[Saved entries]
_ _ _ _ _ _ _

lemma degree_lagrange_interpolant:
  assumes "finite B"
  shows "degree (lagrange_interpolant B f) \<le> card B - 1"
  unfolding lagrange_interpolant_def
proof (rule degree_sum_le)
  fix x assume "x \<in> B"
  have "degree (\<Prod>z\<in>B - {x}. [:- z, 1:]) \<le> (\<Sum>z\<in>B - {x}. degree [:- z, 1:])"
    using degree_prod_sum_le[of "B - {x}" "\<lambda>z. [:- z, 1:]"] assms by (simp add: o_def)
  also have "\<dots> = card B - 1" using assms \<open>x \<in> B\<close> by simp
  finally show "degree (smult (f x / (\<Prod>z\<in>B - {x}. x - z)) (\<Prod>z\<in>B - {x}. [:- z, 1:])) \<le> card B - 1"
    by (rule order.trans[OF degree_smult_le])
qed (fact assms)

lemma lagrange_interpolation:
  fixes P :: "'a::field poly"
  assumes "finite B" and "degree P < card B"
  shows "poly P y = (\<Sum>x\<in>B. poly P x * (\<Prod>z\<in>B - {x}. (y - z) / (x - z)))"
proof -
  have "P = lagrange_interpolant B (poly P)"
  proof (rule poly_eqI_degree)
    show "poly P x = poly (lagrange_interpolant B (poly P)) x" if "x \<in> B" for x
      using assms(1) that by (simp add: poly_lagrange_interpolant_node)
    show "degree (lagrange_interpolant B (poly P)) < card B"
      using degree_lagrange_interpolant[OF assms(1), of "poly P"] assms(2) by linarith
  qed (fact assms(2))
  then show ?thesis by (metis poly_lagrange_interpolant)
qed

lemma abs_poly_le_interpolation_bound:
  fixes P :: "real poly" and T R y :: real
  assumes B: "finite B" "degree P < card B"
    and small: "\<And>x. x \<in> B \<Longrightarrow> \<bar>poly P x\<bar> \<le> T"
    and ratio: "\<And>x z. x \<in> B \<Longrightarrow> z \<in> B - {x} \<Longrightarrow> \<bar>(y - z) / (x - z)\<bar> \<le> R"
  shows "\<bar>poly P y\<bar> \<le> card B * T * R ^ (card B - 1)"
proof -
  have "poly P y = (\<Sum>x\<in>B. poly P x * (\<Prod>z\<in>B - {x}. (y - z) / (x - z)))"
    by (rule lagrange_interpolation[OF B])
  then have "\<bar>poly P y\<bar> \<le> (\<Sum>x\<in>B. \<bar>poly P x * (\<Prod>z\<in>B - {x}. (y - z) / (x - z))\<bar>)"
    by (simp only: sum_abs)
  also have "\<dots> = (\<Sum>x\<in>B. \<bar>poly P x\<bar> * (\<Prod>z\<in>B - {x}. \<bar>(y - z) / (x - z)\<bar>))"
    by (simp only: abs_mult abs_prod)
  also have "\<dots> \<le> (\<Sum>x\<in>B. T * R ^ (card B - 1))"
  proof (rule sum_mono)
    fix x assume x: "x \<in> B"
    have "(\<Prod>z\<in>B - {x}. \<bar>(y - z) / (x - z)\<bar>) \<le> (\<Prod>z\<in>B - {x}. R)"
      using ratio x by (intro prod_mono) auto
    also have "\<dots> = R ^ (card B - 1)" using B(1) x by simp
    finally show "\<bar>poly P x\<bar> * (\<Prod>z\<in>B - {x}. \<bar>(y - z) / (x - z)\<bar>) \<le> T * R ^ (card B - 1)"
      using small[OF x] abs_ge_zero[of "poly P x"] by (intro mult_mono) (auto intro: prod_nonneg)
  qed
  also have "\<dots> = card B * T * R ^ (card B - 1)" by simp
  finally show ?thesis .
qed

section \<open>Few small values on the fine grid\<close>

lemma Max_abs_poly_grid_pos:
  fixes P :: "real poly"
  assumes "P \<noteq> 0" and "degree P \<le> N" and "d > 0"
  shows "0 < Max ((\<lambda>y. \<bar>poly P y\<bar>) ` grid m d N)"
proof -
  have "\<not> grid m d N \<subseteq> {x. poly P x = 0}"
  proof
    assume "grid m d N \<subseteq> {x. poly P x = 0}"
    then have "card (grid m d N) \<le> card {x. poly P x = 0}"
      by (intro card_mono poly_roots_finite assms(1))
    also have "\<dots> \<le> N" using card_poly_roots_bound[OF assms(1)] assms(2) by simp
    finally show False using card_grid_ge[OF assms(3), of N m] by simp
  qed
  then obtain y where "y \<in> grid m d N" "poly P y \<noteq> 0" by auto
  then show ?thesis by (subst Max_gr_iff) (auto simp: finite_grid)
qed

_ _ _ _ _ _ _

◆ **What the task requires**
Determine how many lines above contain the word "open", then give the number by itself.

◆ **The answer**
2